Find all the lines in the material below with the word "intro", and copy them.

**Available records**
>>>

(* Let $n\ge1$, $1\le d\le n$, and let $\overline{\mathsf{Del}}(n,d)$ be the LP: maximize $\sum_{\mathbf{x}\in\{0,1\}^n}f(\mathbf{x})$ over $f:\{0,1\}^n\to\mathbb{R}$ subject to $f(\mathbf{x})\ge0$ for all $\mathbf{x}$; $\widehat f(\mathbf{s})\ge0$ for all $\mathbf{s}$; $f(\mathbf{x})=0$ whenever $1\le w(\mathbf{x})\le d-1$; and $f(0^n)\le\mathrm{OPT}(\mathsf{Del}(n,d))$. Then every optimal solution of $\overline{\mathsf{Del}}(n,d)$ satisfies $f(0^n)=\mathrm{OPT}(\mathsf{Del}(n,d))$, and $\mathrm{OPT}(\overline{\mathsf{Del}}(n,d))=\big(\mathrm{OPT}(\mathsf{Del}(n,d))\big)^2$.
   Context: Fourier transform: $\widehat{f}(\mathbf{s})=2^{-n}\sum_{\mathbf{x}\in\{0,1\}^n}f(\mathbf{x})(-1)^{\mathbf{x}\cdot\mathbf{s}}$. $w(\mathbf{x})$ is Hamming weight. $\mathrm{OPT}$ denotes the optimal value of an LP. $\mathsf{Del}(n,d)$: maximize $\sum_{\mathbf{x}}f(\mathbf{x})$ over $f:\{0,1\}^n\to\mathbb{R}$ subject to $f\ge0$, $\widehat f\ge0$, $f(\mathbf{x})=0$ whenever $1\le w(\mathbf{x})\le d-1$, $f(0^n)=1$. *)

theory Defs
  imports Complex_Main
begin

text \<open>Points of the Boolean cube {0,1}^n are bool lists of length n (True = 1).\<close>

definition cube :: "nat \<Rightarrow> bool list set" where
  "cube n = {x. length x = n}"

definition zero_vec :: "nat \<Rightarrow> bool list" where
  "zero_vec n = replicate n False"

definition hweight :: "bool list \<Rightarrow> nat" where
  "hweight x = length (filter id x)"

definition dotp :: "bool list \<Rightarrow> bool list \<Rightarrow> nat" where
  "dotp x s = card {i. i < length x \<and> i < length s \<and> x ! i \<and> s ! i}"

definition fourier :: "nat \<Rightarrow> (bool list \<Rightarrow> real) \<Rightarrow> bool list \<Rightarrow> real" where
  "fourier n f s = (1 / 2 ^ n) * (\<Sum>x\<in>cube n. f x * (-1) ^ dotp x s)"

definition Del_feasible :: "nat \<Rightarrow> nat \<Rightarrow> (bool list \<Rightarrow> real) \<Rightarrow> bool" where
  "Del_feasible n d f \<longleftrightarrow>
     (\<forall>x\<in>cube n. f x \<ge> 0) \<and> (\<forall>s\<in>cube n. fourier n f s \<ge> 0) \<and>
     (\<forall>x\<in>cube n. 1 \<le> hweight x \<and> hweight x \<le> d - 1 \<longrightarrow> f x = 0) \<and>
     f (zero_vec n) = 1"

definition OPT_Del :: "nat \<Rightarrow> nat \<Rightarrow> real" where
  "OPT_Del n d = Sup {(\<Sum>x\<in>cube n. f x) | f. Del_feasible n d f}"

definition Delbar_feasible :: "nat \<Rightarrow> nat \<Rightarrow> (bool list \<Rightarrow> real) \<Rightarrow> bool" where
  "Delbar_feasible n d f \<longleftrightarrow>
     (\<forall>x\<in>cube n. f x \<ge> 0) \<and> (\<forall>s\<in>cube n. fourier n f s \<ge> 0) \<and>
     (\<forall>x\<in>cube n. 1 \<le> hweight x \<and> hweight x \<le> d - 1 \<longrightarrow> f x = 0) \<and>
     f (zero_vec n) \<le> OPT_Del n d"

definition OPT_Delbar :: "nat \<Rightarrow> nat \<Rightarrow> real" where
  "OPT_Delbar n d = Sup {(\<Sum>x\<in>cube n. f x) | f. Delbar_feasible n d f}"

definition Delbar_optimal :: "nat \<Rightarrow> nat \<Rightarrow> (bool list \<Rightarrow> real) \<Rightarrow> bool" where
  "Delbar_optimal n d f \<longleftrightarrow>
     Delbar_feasible n d f \<and> (\<forall>g. Delbar_feasible n d g \<longrightarrow> (\<Sum>x\<in>cube n. g x) \<le> (\<Sum>x\<in>cube n. f x))"

end

theory Submission
  imports Defs
begin

text \<open>
  If f is feasible for the relaxation, the nonnegative Fourier coefficients give
  \<open>\<Sum>\<^sub>x f x = 2^n \<cdot> fourier f 0 \<le> 2^n \<cdot> \<Sum>\<^sub>s fourier f s = 2^n \<cdot> f 0\<close>; so either the whole sum
  vanishes or \<open>f / f 0\<close> is feasible for Del(n,d), and in both cases
  \<open>\<Sum>\<^sub>x f x \<le> f 0 \<cdot> OPT \<le> OPT\<^sup>2\<close>. Conversely \<open>OPT \<cdot> g\<close> is feasible for the relaxation whenever g
  is feasible for Del(n,d), which gives \<open>OPT\<^sup>2\<close> from below and, at an optimum f, the chain
  \<open>OPT\<^sup>2 \<le> \<Sum>\<^sub>x f x \<le> f 0 \<cdot> OPT\<close>; dividing by \<open>OPT \<ge> 1\<close> (the indicator of 0 is feasible) forces
  \<open>f 0 = OPT\<close>.
\<close>

lemma cube_0: "cube 0 = {[]}"
  by (auto simp: cube_def)

lemma cube_Suc: "cube (Suc n) = (\<lambda>(b, s). b # s) ` (UNIV \<times> cube n)"
proof
  show "cube (Suc n) \<subseteq> (\<lambda>(b, s). b # s) ` (UNIV \<times> cube n)"
  proof
    fix x assume "x \<in> cube (Suc n)"
    then obtain b s where "x = b # s" "length s = n"
      by (cases x) (auto simp: cube_def)
    then show "x \<in> (\<lambda>(b, s). b # s) ` (UNIV \<times> cube n)"
      by (auto simp: cube_def)
  qed
qed (auto simp: cube_def)

lemma finite_cube: "finite (cube n)"
  by (induction n) (auto simp: cube_0 cube_Suc)

lemma zero_vec_in_cube: "zero_vec n \<in> cube n"
  by (simp add: cube_def zero_vec_def)

lemma hweight_zero_vec: "hweight (zero_vec n) = 0"
  by (simp add: hweight_def zero_vec_def)

lemma dotp_zero_vec_left: "dotp (zero_vec n) s = 0"
  by (auto simp: dotp_def zero_vec_def)

lemma dotp_zero_vec_right: "dotp x (zero_vec n) = 0"
  by (auto simp: dotp_def zero_vec_def)

lemma dotp_Cons: "dotp (a # x) (b # s) = (if a \<and> b then 1 else 0) + dotp x s"
proof -
  let ?A = "{i. i < length x \<and> i < length s \<and> x ! i \<and> s ! i}"
  have "{i. i < length (a # x) \<and> i < length (b # s) \<and> (a # x) ! i \<and> (b # s) ! i}
        = (if a \<and> b then {0} else {}) \<union> Suc ` ?A" (is "?L = ?R")
  proof (rule set_eqI)
    fix i show "i \<in> ?L \<longleftrightarrow> i \<in> ?R"
      by (cases i) (auto simp: inj_image_mem_iff)
  qed
  moreover have "card (Suc ` ?A) = card ?A"
    by (simp add: card_image)
  ultimately show ?thesis
    unfolding dotp_def by auto
qed

lemma sum_character_cube:
  "x \<in> cube n \<Longrightarrow> (\<Sum>s\<in>cube n. (-1::real) ^ dotp x s) = (if x = zero_vec n then 2 ^ n else 0)"
proof (induction n arbitrary: x)
  case 0
  then show ?case by (simp add: cube_0 zero_vec_def dotp_def)
next
  case (Suc n)
  obtain a y where x: "x = a # y" "y \<in> cube n"
    using Suc.prems by (cases x) (auto simp: cube_def)
  have "inj_on (\<lambda>(b, s). b # s) (UNIV \<times> cube n)"
    by (auto simp: inj_on_def)
  then have "(\<Sum>s\<in>cube (Suc n). (-1::real) ^ dotp x s)
      = (\<Sum>(b, s)\<in>UNIV \<times> cube n. (-1::real) ^ dotp x (b # s))"
    unfolding cube_Suc by (simp add: sum.reindex case_prod_unfold)
  also have "\<dots> = (\<Sum>b\<in>UNIV. \<Sum>s\<in>cube n. (-1::real) ^ dotp x (b # s))"
    by (simp add: sum.cartesian_product case_prod_unfold)
  also have "\<dots> = (\<Sum>s\<in>cube n. (-1::real) ^ dotp y s) * (1 + (if a then -1 else 1))"
    using x by (simp add: UNIV_bool dotp_Cons sum_distrib_left algebra_simps sum.distrib)
  also have "\<dots> = (if x = zero_vec (Suc n) then 2 ^ Suc n else 0)"
    using Suc.IH[OF x(2)] x by (auto simp: zero_vec_def)
  finally show ?case .
qed

lemma sum_fourier_cube: "(\<Sum>s\<in>cube n. fourier n f s) = f (zero_vec n)"
proof -
  have "(\<Sum>s\<in>cube n. fourier n f s)
      = (1 / 2 ^ n) * (\<Sum>x\<in>cube n. f x * (\<Sum>s\<in>cube n. (-1::real) ^ dotp x s))"
    unfolding fourier_def sum_distrib_left[symmetric]
    by (subst sum.swap) (simp add: sum_distrib_left)
  also have "\<dots> = (1 / 2 ^ n) * (\<Sum>x\<in>cube n. if x = zero_vec n then f x * 2 ^ n else 0)"
    by (auto intro!: sum.cong simp: sum_character_cube)
  also have "\<dots> = f (zero_vec n)"
    using finite_cube zero_vec_in_cube by (simp add: sum.delta)
  finally show ?thesis .
qed

lemma sum_cube_eq_fourier_zero_vec: "(\<Sum>x\<in>cube n. f x) = 2 ^ n * fourier n f (zero_vec n)"
  by (simp add: fourier_def dotp_zero_vec_right)

lemma sum_cube_le_fourier_nonneg:
  assumes "\<forall>s\<in>cube n. fourier n f s \<ge> 0"
  shows "(\<Sum>x\<in>cube n. f x) \<le> 2 ^ n * f (zero_vec n)"
proof -
  have "(\<Sum>x\<in>cube n. f x) = 2 ^ n * fourier n f (zero_vec n)"
    by (rule sum_cube_eq_fourier_zero_vec)
  also have "\<dots> \<le> 2 ^ n * (\<Sum>s\<in>cube n. fourier n f s)"
    using assms finite_cube zero_vec_in_cube by (intro mult_left_mono member_le_sum) auto
  also have "\<dots> = 2 ^ n * f (zero_vec n)"
    by (simp only: sum_fourier_cube)
  finally show ?thesis .
qed

lemma fourier_scale: "fourier n (\<lambda>x. c * g x) s = c * fourier n g s"
  by (simp add: fourier_def sum_distrib_left algebra_simps)

lemma fourier_indicator_zero_vec:
  "fourier n (\<lambda>x. if x = zero_vec n then 1 else 0) s = 1 / 2 ^ n"
proof -
  have "(\<Sum>x\<in>cube n. (if x = zero_vec n then 1 else 0) * (-1::real) ^ dotp x s)
      = (\<Sum>x\<in>cube n. if x = zero_vec n then (-1) ^ dotp x s else 0)"
    by (intro sum.cong) auto
  also have "\<dots> = 1"
    using finite_cube zero_vec_in_cube by (simp add: dotp_zero_vec_left)
  finally show ?thesis
    by (simp add: fourier_def)
qed

lemma Del_feasible_indicator_zero_vec:
  "Del_feasible n d (\<lambda>x. if x = zero_vec n then 1 else 0)"
  by (auto simp: Del_feasible_def fourier_indicator_zero_vec hweight_zero_vec)

lemma bdd_above_Del: "bdd_above {(\<Sum>x\<in>cube n. f x) | f. Del_feasible n d f}"
  by (rule bdd_aboveI[of _ "2 ^ n"])
    (auto simp: Del_feasible_def dest!: sum_cube_le_fourier_nonneg)

lemma Del_sum_le_OPT_Del: "Del_feasible n d g \<Longrightarrow> (\<Sum>x\<in>cube n. g x) \<le> OPT_Del n d"
  unfolding OPT_Del_def by (rule cSup_upper[OF _ bdd_above_Del]) blast

lemma OPT_Del_le:
  assumes "\<And>g. Del_feasible n d g \<Longrightarrow> (\<Sum>x\<in>cube n. g x) \<le> B"
  shows "OPT_Del n d \<le> B"
  unfolding OPT_Del_def using assms Del_feasible_indicator_zero_vec
  by (intro cSup_least) auto

lemma one_le_OPT_Del: "1 \<le> OPT_Del n d"
  using Del_sum_le_OPT_Del[OF Del_feasible_indicator_zero_vec]
  by (simp add: finite_cube zero_vec_in_cube sum.delta)

lemma Delbar_feasible_scale_Del:
  assumes "Del_feasible n d g" "0 \<le> c" "c \<le> OPT_Del n d"
  shows "Delbar_feasible n d (\<lambda>x. c * g x)"
  using assms by (auto simp: Delbar_feasible_def Del_feasible_def fourier_scale)

lemma Del_feasible_normalize:
  assumes "Delbar_feasible n d f" "f (zero_vec n) > 0"
  shows "Del_feasible n d (\<lambda>x. (1 / f (zero_vec n)) * f x)"
  unfolding Del_feasible_def fourier_scale using assms by (auto simp: Delbar_feasible_def)

lemma Delbar_sum_le_scaled_OPT_Del:
  assumes f: "Delbar_feasible n d f"
  shows "(\<Sum>x\<in>cube n. f x) \<le> f (zero_vec n) * OPT_Del n d"
proof -
  let ?c = "f (zero_vec n)"
  consider "?c = 0" | "?c > 0"
    using f zero_vec_in_cube by (force simp: Delbar_feasible_def)
  then show ?thesis
  proof cases
    case 1
    then show ?thesis
      using f sum_cube_le_fourier_nonneg[of n f] by (simp add: Delbar_feasible_def)
  next
    case 2
    have "(1 / ?c) * (\<Sum>x\<in>cube n. f x) \<le> OPT_Del n d"
      using Del_sum_le_OPT_Del[OF Del_feasible_normalize[OF f 2]]
      by (simp add: sum_distrib_left)
    with 2 show ?thesis
      by (simp add: field_simps)
  qed
qed

lemma Delbar_sum_le_OPT_Del_sq:
  assumes "Delbar_feasible n d f"
  shows "(\<Sum>x\<in>cube n. f x) \<le> (OPT_Del n d)\<^sup>2"
proof -
  have "f (zero_vec n) * OPT_Del n d \<le> OPT_Del n d * OPT_Del n d"
    using assms one_le_OPT_Del[of n d] by (intro mult_right_mono) (auto simp: Delbar_feasible_def)
  then show ?thesis
    using Delbar_sum_le_scaled_OPT_Del[OF assms] by (simp add: power2_eq_square)
qed

lemma OPT_Del_sq_le:
  assumes "\<And>g. Del_feasible n d g \<Longrightarrow> OPT_Del n d * (\<Sum>x\<in>cube n. g x) \<le> B"
  shows "(OPT_Del n d)\<^sup>2 \<le> B"
proof -
  have pos: "0 < OPT_Del n d"
    using one_le_OPT_Del[of n d] by simp
  have "OPT_Del n d \<le> B / OPT_Del n d"
    using assms pos by (intro OPT_Del_le) (simp add: field_simps)
  with pos show ?thesis
    by (simp add: field_simps power2_eq_square)
qed

lemma OPT_Del_mult_sum_le_Delbar:
  assumes "Del_feasible n d g"
    and "\<And>f. Delbar_feasible n d f \<Longrightarrow> (\<Sum>x\<in>cube n. f x) \<le> B"
  shows "OPT_Del n d * (\<Sum>x\<in>cube n. g x) \<le> B"
  using assms one_le_OPT_Del[of n d] Delbar_feasible_scale_Del[of n d g "OPT_Del n d"]
  by (simp add: sum_distrib_left)

lemma OPT_Delbar_eq: "OPT_Delbar n d = (OPT_Del n d)\<^sup>2"
proof (rule antisym)
  have "Delbar_feasible n d (\<lambda>x. OPT_Del n d * (if x = zero_vec n then 1 else 0))"
    using one_le_OPT_Del[of n d] by (intro Delbar_feasible_scale_Del Del_feasible_indicator_zero_vec) auto
  then show "OPT_Delbar n d \<le> (OPT_Del n d)\<^sup>2"
    unfolding OPT_Delbar_def by (intro cSup_least) (auto dest: Delbar_sum_le_OPT_Del_sq)
  have "bdd_above {(\<Sum>x\<in>cube n. f x) | f. Delbar_feasible n d f}"
    by (rule bdd_aboveI) (auto dest: Delbar_sum_le_OPT_Del_sq)
  then have "Delbar_feasible n d f \<Longrightarrow> (\<Sum>x\<in>cube n. f x) \<le> OPT_Delbar n d" for f
    unfolding OPT_Delbar_def by (intro cSup_upper) blast+
  then show "(OPT_Del n d)\<^sup>2 \<le> OPT_Delbar n d"
    by (intro OPT_Del_sq_le OPT_Del_mult_sum_le_Delbar)
qed

lemma Delbar_optimal_at_zero_vec:
  assumes opt: "Delbar_optimal n d f"
  shows "f (zero_vec n) = OPT_Del n d"
proof -
  have f: "Delbar_feasible n d f"
    using opt by (simp add: Delbar_optimal_def)
  have "OPT_Del n d * OPT_Del n d \<le> (\<Sum>x\<in>cube n. f x)"
    using opt unfolding power2_eq_square[symmetric]
    by (intro OPT_Del_sq_le OPT_Del_mult_sum_le_Delbar) (auto simp: Delbar_optimal_def)
  also have "\<dots> \<le> f (zero_vec n) * OPT_Del n d"
    by (rule Delbar_sum_le_scaled_OPT_Del[OF f])
  finally have "OPT_Del n d \<le> f (zero_vec n)"
    using one_le_OPT_Del[of n d] by simp
  moreover have "f (zero_vec n) \<le> OPT_Del n d"
    using f by (simp add: Delbar_feasible_def)
  ultimately show ?thesis
    by simp
qed

theorem mainTheorem5:
  fixes n d :: nat
  assumes "1 \<le> n" and "1 \<le> d" and "d \<le> n"
  shows "(\<forall>f. Delbar_optimal n d f \<longrightarrow> f (zero_vec n) = OPT_Del n d)
         \<and> OPT_Delbar n d = (OPT_Del n d)\<^sup>2"
  using Delbar_optimal_at_zero_vec OPT_Delbar_eq by blast

end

<<<

**Expected answer**
    by (auto intro!: sum.cong simp: sum_character_cube)
    using assms finite_cube zero_vec_in_cube by (intro mult_left_mono member_le_sum) auto
    by (intro sum.cong) auto
  by (intro cSup_least) auto
    using assms one_le_OPT_Del[of n d] by (intro mult_right_mono) (auto simp: Delbar_feasible_def)
    using assms pos by (intro OPT_Del_le) (simp add: field_simps)
    using one_le_OPT_Del[of n d] by (intro Delbar_feasible_scale_Del Del_feasible_indicator_zero_vec) auto
    unfolding OPT_Delbar_def by (intro cSup_least) (auto dest: Delbar_sum_le_OPT_Del_sq)
    unfolding OPT_Delbar_def by (intro cSup_upper) blast+
    by (intro OPT_Del_sq_le OPT_Del_mult_sum_le_Delbar)
    by (intro OPT_Del_sq_le OPT_Del_mult_sum_le_Delbar) (auto simp: Delbar_optimal_def)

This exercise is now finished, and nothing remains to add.